lemma has_bochner_integral_schwinger:
  fixes A :: real assumes "0 < A"
  shows "has_bochner_integral lborel (\<lambda>t. indicator {0<..} t * (t * exp (- t * A))) (1 / A\<^sup>2)"
proof -
  have "(\<integral>\<^sup>+t. ennreal (t * exp (- t * A)) * indicator {0..} t \<partial>lborel)
      = 0 - (- (0 / A + 1 / A\<^sup>2) * exp (- 0 * A))"
  proof (rule nn_integral_FTC_atLeast[where F = "\<lambda>t. - (t / A + 1 / A\<^sup>2) * exp (- t * A)"])
    show "((\<lambda>t. - (t / A + 1 / A\<^sup>2) * exp (- t * A)) has_real_derivative t * exp (- t * A)) (at t)" for t
      using assms by (auto intro!: derivative_eq_intros simp: field_simps power2_eq_square)
    show "((\<lambda>t. - (t / A + 1 / A\<^sup>2) * exp (- t * A)) \<longlongrightarrow> 0) at_top"
      using assms by real_asymp
  qed auto
  then have "(\<integral>\<^sup>+t. ennreal (indicator {0<..} t * (t * exp (- t * A))) \<partial>lborel) = ennreal (1 / A\<^sup>2)"
    by (subst nn_integral_cong[where v = "\<lambda>t. ennreal (t * exp (- t * A)) * indicator {0..} t"])
      (auto simp: indicator_def)
  then show ?thesis
    by (intro has_bochner_integral_nn_integral) (auto simp: indicator_def intro!: AE_I2)
qed

lemma nn_integral_lborel_prod_mult:
  fixes u :: "'a::euclidean_space \<Rightarrow> ennreal" and v :: "'b::euclidean_space \<Rightarrow> ennreal"
  assumes [measurable]: "u \<in> borel_measurable borel" "v \<in> borel_measurable borel"
  shows "(\<integral>\<^sup>+pq. u (fst pq) * v (snd pq) \<partial>lborel) = (\<integral>\<^sup>+p. u p \<partial>lborel) * (\<integral>\<^sup>+q. v q \<partial>lborel)"
proof -
  have "(\<integral>\<^sup>+pq. u (fst pq) * v (snd pq) \<partial>lborel) = (\<integral>\<^sup>+pq. u (fst pq) * v (snd pq) \<partial>(lborel \<Otimes>\<^sub>M lborel))"
    by (simp only: lborel_prod)
  also have "\<dots> = (\<integral>\<^sup>+p. \<integral>\<^sup>+q. u p * v q \<partial>lborel \<partial>lborel)"
    by (subst lborel.nn_integral_fst[symmetric]) auto
  also have "\<dots> = (\<integral>\<^sup>+p. u p \<partial>lborel) * (\<integral>\<^sup>+q. v q \<partial>lborel)"
    by (simp add: nn_integral_cmult nn_integral_multc)
  finally show ?thesis .
qed

lemma lborel_integral_prod_mult:
  fixes u :: "'a::euclidean_space \<Rightarrow> 'c::{real_normed_field, banach, second_countable_topology}"
    and v :: "'b::euclidean_space \<Rightarrow> 'c"
  assumes u: "integrable lborel u" and v: "integrable lborel v"
  shows "integrable lborel (\<lambda>pq. u (fst pq) * v (snd pq))"
    and "(\<integral>pq. u (fst pq) * v (snd pq) \<partial>lborel) = (\<integral>p. u p \<partial>lborel) * (\<integral>q. v q \<partial>lborel)"
proof -
  have [measurable]: "u \<in> borel_measurable borel" "v \<in> borel_measurable borel"
    using u v by (auto dest: borel_measurable_integrable)
  have "(\<lambda>pq. u (fst pq) * v (snd pq)) \<in> borel_measurable (borel \<Otimes>\<^sub>M borel)" by measurable
  then have uv_measurable: "(\<lambda>pq. u (fst pq) * v (snd pq)) \<in> borel_measurable borel"
    by (simp only: borel_prod)
  have "(\<integral>\<^sup>+pq. ennreal (norm (u (fst pq) * v (snd pq))) \<partial>lborel)
      = (\<integral>\<^sup>+pq. ennreal (norm (u (fst pq))) * ennreal (norm (v (snd pq))) \<partial>lborel)"
    by (simp add: norm_mult ennreal_mult)
  also have "\<dots> = (\<integral>\<^sup>+p. ennreal (norm (u p)) \<partial>lborel) * (\<integral>\<^sup>+q. ennreal (norm (v q)) \<partial>lborel)"
    by (rule nn_integral_lborel_prod_mult) auto
  also have "\<dots> < \<infinity>" using u v by (simp add: integrable_iff_bounded ennreal_mult_less_top)
  finally show uv: "integrable lborel (\<lambda>pq. u (fst pq) * v (snd pq))"
    using uv_measurable by (intro integrableI_bounded) auto
  have "(\<integral>pq. u (fst pq) * v (snd pq) \<partial>lborel) = (\<integral>pq. u (fst pq) * v (snd pq) \<partial>(lborel \<Otimes>\<^sub>M lborel))"
    by (simp only: lborel_prod)
  also have "\<dots> = (\<integral>p. \<integral>q. u p * v q \<partial>lborel \<partial>lborel)"
    using lborel_pair.integral_fst'[of "\<lambda>pq. u (fst pq) * v (snd pq)"] uv by (simp add: lborel_prod)
  also have "\<dots> = (\<integral>p. u p \<partial>lborel) * (\<integral>q. v q \<partial>lborel)" by simp
  finally show "(\<integral>pq. u (fst pq) * v (snd pq) \<partial>lborel) = (\<integral>p. u p \<partial>lborel) * (\<integral>q. v q \<partial>lborel)" .
qed
lemma avoider_lift:
  assumes "\<alpha> \<in> avoiders"
  obtains \<tau> where "\<tau> \<in> lifts (T0 \<inter> \<alpha>)" "\<tau> \<subseteq> \<alpha>"
proof -
  define \<pi> where "\<pi> = T0 \<inter> \<alpha>"
  have \<alpha>: "\<alpha> \<in> F" "aff_sub \<alpha>" and avoid: "\<And>T. T \<in> psi_spaces t F \<Longrightarrow> \<not> T \<subseteq> \<alpha>"
    using assms member_aff_sub by (auto simp: avoiders_def)
  have facet: "\<pi> \<in> facets" unfolding \<pi>_def by (rule avoider_facet[OF assms])
  then have \<pi>: "aff_sub \<pi>" "adim \<pi> = t" by (auto simp: facets_def)
  note \<Sigma> = facet_span[OF facet]
  obtain b where b: "b \<in> F" "\<not> \<pi> \<subseteq> b" "b \<subseteq> facet_span \<pi>" using \<Sigma>(4) by blast
  obtain x where x: "x \<in> \<alpha>" "x \<in> b" "x \<notin> \<pi>"
  proof (rule ccontr)
    assume "\<not> thesis"
    with that have sub: "\<alpha> \<inter> b \<subseteq> \<pi> \<inter> b" by blast
    have "\<alpha> \<inter> b \<noteq> {}" "t \<le> adim (\<alpha> \<inter> b)" using members_meet[OF \<alpha>(1) b(1)] by (auto simp: meets_t_def)
    moreover have "adim (\<pi> \<inter> b) < t"
      using adim_Int_less[OF \<pi>(1) member_aff_sub[OF b(1)] _ b(2)] sub calculation(1) \<pi>(2) by blast
    ultimately show False using adim_mono[OF sub] by simp
  qed
  obtain \<tau> where \<tau>: "aff_sub \<tau>" "\<pi> \<subseteq> \<tau>" "x \<in> \<tau>" "adim \<tau> = adim \<pi> + 1"
      and \<tau>_least: "\<And>U. aff_sub U \<Longrightarrow> \<pi> \<subseteq> U \<Longrightarrow> x \<in> U \<Longrightarrow> \<tau> \<subseteq> U"
    using aff_sub_extend[OF \<pi>(1) x(3)] by blast
  have "\<tau> \<subseteq> \<alpha>" using \<tau>_least[OF \<alpha>(2)] x(1) by (auto simp: \<pi>_def)
  moreover have "\<tau> \<subseteq> facet_span \<pi>" using \<tau>_least[OF \<Sigma>(1)] \<Sigma>(2) b(3) x(2) by (auto simp: \<pi>_def)
  moreover have "\<tau> \<noteq> T0" using \<tau>(3) x(1,3) by (auto simp: \<pi>_def)
  moreover have "\<not> transversal t F \<tau>"
    using avoid \<open>\<tau> \<subseteq> \<alpha>\<close> \<tau>(4) \<pi>(2) psi_eq by (auto simp: mem_psi_spaces_iff)
  ultimately show ?thesis using that \<tau> \<pi>(2) by (auto simp: lifts_def \<pi>_def)
qed
lemma has_pd_phi: "((\<lambda>t. \<phi> (p + t *\<^sub>R axis i 1)) has_real_derivative pd \<phi> i p) (at 0)"
  using Ck_Suc_open_has_pd[OF open_UNIV Ck1_phi]
  by (simp add: has_real_derivative_iff_has_vector_derivative)

lemma continuous_on_phi: "continuous_on UNIV \<phi>"
  by (rule Ck_imp_continuous_on[OF Ck1_phi])

lemma continuous_on_pd_phi: "continuous_on UNIV (pd \<phi> i)"
  by (rule Ck_imp_continuous_on[OF Ck_Suc_open_Ck_pd[OF open_UNIV Ck1_phi]])

lemma phi_outside: "p \<notin> supp \<Longrightarrow> \<phi> p = 0"
  using closure_subset[of "{p. \<phi> p \<noteq> 0}"] by (auto simp: supp_def)

lemma pd_phi_outside:
  assumes "p \<notin> supp"
  shows "pd \<phi> i p = 0"
proof -
  have "pd \<phi> i p = pd (\<lambda>_. 0) i p"
    using compact_imp_closed[OF compact_supp] phi_outside assms by (intro pd_cong_open[of "- supp"]) auto
  also have "\<dots> = 0" by (rule pd_eqI) simp
  finally show ?thesis .
qed

definition pd_field :: "2 \<Rightarrow> real^2 \<Rightarrow> real^'n" where
  "pd_field i p = pd \<phi> i p *\<^sub>R N \<sigma> p + \<phi> p *\<^sub>R pd (N \<sigma>) i p"

lemma pd_field_outside: "p \<notin> supp \<Longrightarrow> pd_field i p = 0"
  by (simp add: pd_field_def phi_outside pd_phi_outside)

lemma continuous_on_pd_field: "continuous_on (ball 0 1) (pd_field i)"
  unfolding pd_field_def
  by (intro continuous_intros continuous_on_subset[OF continuous_on_pd_phi]
      continuous_on_subset[OF continuous_on_phi] continuous_on_N[OF \<sigma>] continuous_on_pd_N[OF \<sigma>]) auto

lemma pd_variation: "pd (\<lambda>p. X p + (\<epsilon> * \<phi> p) *\<^sub>R N \<sigma> p) i p = pd X i p + \<epsilon> *\<^sub>R pd_field i p"
proof (cases "p \<in> ball 0 1")
  case True
  have "((\<lambda>t. X (p + t *\<^sub>R axis i 1) + (\<epsilon> * \<phi> (p + t *\<^sub>R axis i 1)) *\<^sub>R N \<sigma> (p + t *\<^sub>R axis i 1))
     has_vector_derivative pd X i p + ((\<epsilon> * \<phi> (p + 0 *\<^sub>R axis i 1)) *\<^sub>R pd (N \<sigma>) i p
        + (\<epsilon> * pd \<phi> i p) *\<^sub>R N \<sigma> (p + 0 *\<^sub>R axis i 1))) (at 0)"
    by (intro has_vector_derivative_add has_pd_X[OF True] has_vector_derivative_scaleR DERIV_cmult
        has_pd_phi has_pd_N[OF \<sigma> True])
  then show ?thesis by (simp add: pd_eqI pd_field_def scaleR_add_right)
next
  case False
  then have "p \<notin> supp" using supp_subset_ball by auto
  then have "pd (\<lambda>p. X p + (\<epsilon> * \<phi> p) *\<^sub>R N \<sigma> p) i p = pd X i p"
    using compact_imp_closed[OF compact_supp] phi_outside by (intro pd_cong_open[of "- supp"]) auto
  then show ?thesis using pd_field_outside[OF \<open>p \<notin> supp\<close>] by simp
qed
(* Let $\mathbf p\sim\mathrm{DGEM}(M)$ and let $X_1,X_2\in\mathcal X$. Conditionally on $\mathbf p$, let $Y_{1,1}$ and $Y_{1,2}$ be independent with $\mathbb P(Y_{1,1}=j\mid\mathbf p)=p_j(X_1)$ and $\mathbb P(Y_{1,2}=j\mid\mathbf p)=p_j(X_2)$ for $j\ge1$. Let $\mu_M=\mu_M(X_1,X_2)=(M+1)^2\,\mathbb E\big(V(X_1)V(X_2)\big)$, where $V=V_1$ is one of the Beta processes of the construction. Then for positive integers $j\ne k$, $$\mathbb P(Y_{1,1}=j,Y_{1,2}=k)=\frac{(M+1-\mu_M)\,M^{|j-k|-1}\,(M^2-1+\mu_M)^{\min(j,k)-1}}{(M+1)^{j+k}},$$ and for every positive integer $j$, $$\mathbb P(Y_{1,1}=j,Y_{1,2}=j)=\frac{\mu_M\,(M^2-1+\mu_M)^{j-1}}{(M+1)^{2j}}.$$ Consequently $\mathbb P(Y_{1,1}=Y_{1,2})=\dfrac{\mu_M}{2M+2-\mu_M}$.
   Context: Dependent GEM prior $\mathrm{DGEM}(M)$: let $\mathcal X\subset\mathbb R$ be the covariate space, $M>0$, $\sigma_Z>0$, and let $\tilde K_\lambda$ be a normalized covariance function on $\mathcal X$ (i.e. $\tilde K_\lambda(X,X)=1$) depending only on $X_1-X_2$, e.g. squared exponential $\exp(-(X_1-X_2)^2/(2\lambda^2))$, Ornstein–Uhlenbeck $\exp(-|X_1-X_2|/\lambda)$ or rational quadratic $(1+(X_1-X_2)^2/(2\lambda^2))^{-1}$. Let $Z_1,Z_2,\dots$ be i.i.d. centered Gaussian processes on $\mathcal X$ with covariance $\sigma_Z^2\tilde K_\lambda$. Let $\Phi_{\sigma_Z}$ be the CDF of $\mathcal N(0,\sigma_Z^2)$ and $F_M^{-1}(u)=1-(1-u)^{1/M}$ the inverse CDF of the $\mathrm{Beta}(1,M)$ distribution. Set $V_j(X)=F_M^{-1}(\Phi_{\sigma_Z}(Z_j(X)))$ (so each $V_j(X)\sim\mathrm{Beta}(1,M)$), and define by stick-breaking $p_1(X)=V_1(X)$, $p_j(X)=V_j(X)\prod_{l<j}(1-V_l(X))$ for $j>1$. *)

theory Defs
  imports "HOL-Probability.Probability"
begin
(* There is a constant $C>0$ such that for every $\phi\in\mathbb{R}$ and all distinct integers $n_1,n_2$, the arcs $I_{n_1,\phi}$ and $I_{n_2,\phi}$ of $\mathbb{R}/\mathbb{Z}$ satisfy $$d(I_{n_1,\phi},I_{n_2,\phi})>C\min(|I_{n_1,\phi}|,|I_{n_2,\phi}|).$$
   Context: $\tau=\frac{1+\sqrt5}{2}$; $w(x)=\frac1\pi\left(\tan^{-1}(x+1)-\tan^{-1}(x)\right)$. For real $x$, $x\bmod\tau\in\mathbb{R}/\tau\mathbb{Z}$ and $x\bmod1\in\mathbb{R}/\mathbb{Z}$ denote images. For $n\in\mathbb{Z}$ and $\phi\in\mathbb{R}$ let $a_{n,\phi}=\sum w(k-\phi)$, the sum over all integers $k$ with $k\bmod\tau$ in the half-open arc $[0,n\bmod\tau)$ of $\mathbb{R}/\tau\mathbb{Z}$ (from $0$ to $n\bmod\tau$ in the positive direction), and let $I_{n,\phi}\subset\mathbb{R}/\mathbb{Z}$ be the open arc from $a_{n,\phi}\bmod1$ to $(a_{n,\phi}+w(n-\phi))\bmod1$, of length $|I_{n,\phi}|=w(n-\phi)$. Here $d$ denotes the distance between subsets of the circle $\mathbb{R}/\mathbb{Z}$ (infimum of arc-length distances between their points). The constant $C$ is independent of all variables. *)

theory Defs
  imports "HOL-Analysis.Analysis"
begin

definition gold :: real where "gold = (1 + sqrt 5) / 2"

definition wfun :: "real \<Rightarrow> real" where
  "wfun x = (arctan (x + 1) - arctan x) / pi"

definition rmod :: "real \<Rightarrow> real \<Rightarrow> real" where
  "rmod x y = x - y * of_int \<lfloor>x / y\<rfloor>"

definition arcset :: "int \<Rightarrow> int set" where
  "arcset n = {k::int. rmod (of_int k) gold < rmod (of_int n) gold}"

definition acoef :: "int \<Rightarrow> real \<Rightarrow> real" where
  "acoef n \<phi> = (\<Sum>\<^sub>\<infinity>k\<in>arcset n. wfun (of_int k - \<phi>))"

text \<open>The open arc I_{n,phi}, represented by its set of real lifts (a subset of R,
  understood modulo 1).\<close>
definition Iarc :: "int \<Rightarrow> real \<Rightarrow> real set" where
  "Iarc n \<phi> = {x. \<exists>m::int. acoef n \<phi> < x + of_int m \<and> x + of_int m < acoef n \<phi> + wfun (of_int n - \<phi>)}"

definition cdist :: "real \<Rightarrow> real \<Rightarrow> real" where
  "cdist x y = Inf {\<bar>x - y - of_int m\<bar> | m::int. True}"

definition csetdist :: "real set \<Rightarrow> real set \<Rightarrow> real" where
  "csetdist A B = Inf {cdist x y | x y. x \<in> A \<and> y \<in> B}"

end

theory Submission
  imports Defs "HOL-Number_Theory.Fib"
begin
definition var_S :: "real \<Rightarrow> nat \<Rightarrow> real" where
  "var_S p n = measure_pmf.variance (walk p n) (\<lambda>xs. sum_list xs)"

end

theory Submission
  imports Defs
begin

text \<open>By symmetry \<open>S\<^sub>n\<close> is centred, so \<open>Var S\<^sub>n = E S\<^sub>n\<^sup>2 \<le> n\<^sup>2\<close>. For the lower bound let \<open>m\<close> be
  the empirical mean of the history and \<open>q\<close> its fraction of nonzero steps. Given the history,
  the next step is \<open>1\<close>, \<open>-1\<close> or \<open>0\<close> with probabilities depending only on \<open>(m, q)\<close>, and
  \<open>(m, q)\<close> follows a mean-field drift with a fixed point \<open>(m\<^sub>*, q\<^sub>*)\<close>, \<open>m\<^sub>* \<noteq> 0\<close>.
  The function \<open>\<Phi> = m\<^sup>2 exp (- m\<^sup>2 / m\<^sub>*\<^sup>2 - w (q - q\<^sub>*)\<^sup>2)\<close>, with \<open>w\<close> chosen so that the
  terms of order \<open>m\<^sup>4\<close> cancel, has nonnegative first-order drift as soon as \<open>q\<^sub>* > 2/3\<close>, i.e. \<open>p > 7/8\<close>;
  hence \<open>E \<Phi>(n) - K/n\<close> is nondecreasing. Independently, \<open>E S\<^sub>n\<^sup>2\<close> is multiplied by at least
  \<open>1 + 2(2p - 1)/n\<close> at each step, so it is at least of order \<open>n powr (3/2)\<close> and
  \<open>E \<Phi>(n\<^sub>0) \<ge> 2K/n\<^sub>0\<close> for some \<open>n\<^sub>0\<close>. Then \<open>E S\<^sub>n\<^sup>2 / n\<^sup>2 \<ge> E \<Phi>(n) \<ge> K/n\<^sub>0\<close> for all \<open>n \<ge> n\<^sub>0\<close>.\<close>

lemma expectation_bind_pmf_finite:
  fixes h :: "'b \<Rightarrow> real"
  assumes "finite (set_pmf M)" "\<And>x. x \<in> set_pmf M \<Longrightarrow> finite (set_pmf (f x))"
  shows "measure_pmf.expectation (M \<bind> f) h =
    measure_pmf.expectation M (\<lambda>x. measure_pmf.expectation (f x) h)"
  using assms by (simp add: pmf_expectation_bind[of "set_pmf M"] integral_measure_pmf[of "set_pmf M"])

lemma expectation_mono_finite:
  fixes f g :: "'a \<Rightarrow> real"
  assumes "finite (set_pmf M)" "\<And>x. x \<in> set_pmf M \<Longrightarrow> f x \<le> g x"
  shows "measure_pmf.expectation M f \<le> measure_pmf.expectation M g"
  using assms by (intro integral_mono_AE integrable_measure_pmf_finite) (auto simp: AE_measure_pmf_iff)

lemma expectation_cong_pmf:
  fixes f g :: "'a \<Rightarrow> real"
  assumes "\<And>x. x \<in> set_pmf M \<Longrightarrow> f x = g x"
  shows "measure_pmf.expectation M f = measure_pmf.expectation M g"
  using assms by (intro integral_cong_AE) (auto simp: AE_measure_pmf_iff)

lemma set_pmf_rad: "set_pmf (rad q) \<subseteq> {-1, 1}"
  unfolding rad_def by auto

lemma finite_set_pmf_rad: "finite (set_pmf (rad q))"
  using set_pmf_rad finite_subset by blast

lemma expectation_rad:
  fixes f :: "real \<Rightarrow> real"
  assumes "0 \<le> q" "q \<le> 1"
  shows "measure_pmf.expectation (rad q) f = q * f 1 + (1 - q) * f (-1)"
  unfolding rad_def using assms by simp

lemma sum_atLeastAtMost_nth:
  "(\<Sum>u = 1..length xs. g (xs ! (u - 1))) = (\<Sum>x\<leftarrow>xs. g x)"
proof -
  have "(\<Sum>u = 1..length xs. g (xs ! (u - 1))) = (\<Sum>i<length xs. g (xs ! i))"
    by (rule sum.reindex_bij_witness[of _ Suc "\<lambda>u. u - 1"]) auto
  then show ?thesis
    by (simp add: sum_list_sum_nth atLeast0LessThan)
qed

definition sum_sq :: "real list \<Rightarrow> real" where
  "sum_sq xs = (\<Sum>x\<leftarrow>xs. x\<^sup>2)"

definition mean :: "real list \<Rightarrow> real" where
  "mean xs = sum_list xs / length xs"

definition mean_sq :: "real list \<Rightarrow> real" where
  "mean_sq xs = sum_sq xs / length xs"

lemma sum_sq_Nil [simp]: "sum_sq [] = 0"
  by (simp add: sum_sq_def)

lemma sum_sq_Cons [simp]: "sum_sq (x # xs) = x\<^sup>2 + sum_sq xs"
  by (simp add: sum_sq_def)

lemma sum_sq_append_single [simp]: "sum_sq (xs @ [c]) = sum_sq xs + c\<^sup>2"
  by (simp add: sum_sq_def)

lemma sum_sq_map_uminus [simp]: "sum_sq (map uminus xs) = sum_sq xs"
  by (induction xs) (auto simp: sum_sq_def)

lemma sum_list_map_uminus [simp]: "sum_list (map uminus xs) = - sum_list (xs :: real list)"
  by (induction xs) auto

lemma mean_map_uminus [simp]: "mean (map uminus xs) = - mean xs"
  by (simp add: mean_def)

lemma mean_sq_map_uminus [simp]: "mean_sq (map uminus xs) = mean_sq xs"
  by (simp add: mean_sq_def)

--- --- ---

__YOUR ASSIGNMENT__. Would you copy out exactly the lines above that start at the one containing "using adim_Int_less[OF \<pi>(1)" and end at the one containing "obtain \<tau> where", inclusive?

__RESPONSE__.
      using adim_Int_less[OF \<pi>(1) member_aff_sub[OF b(1)] _ b(2)] sub calculation(1) \<pi>(2) by blast
    ultimately show False using adim_mono[OF sub] by simp
  qed
  obtain \<tau> where \<tau>: "aff_sub \<tau>" "\<pi> \<subseteq> \<tau>" "x \<in> \<tau>" "adim \<tau> = adim \<pi> + 1"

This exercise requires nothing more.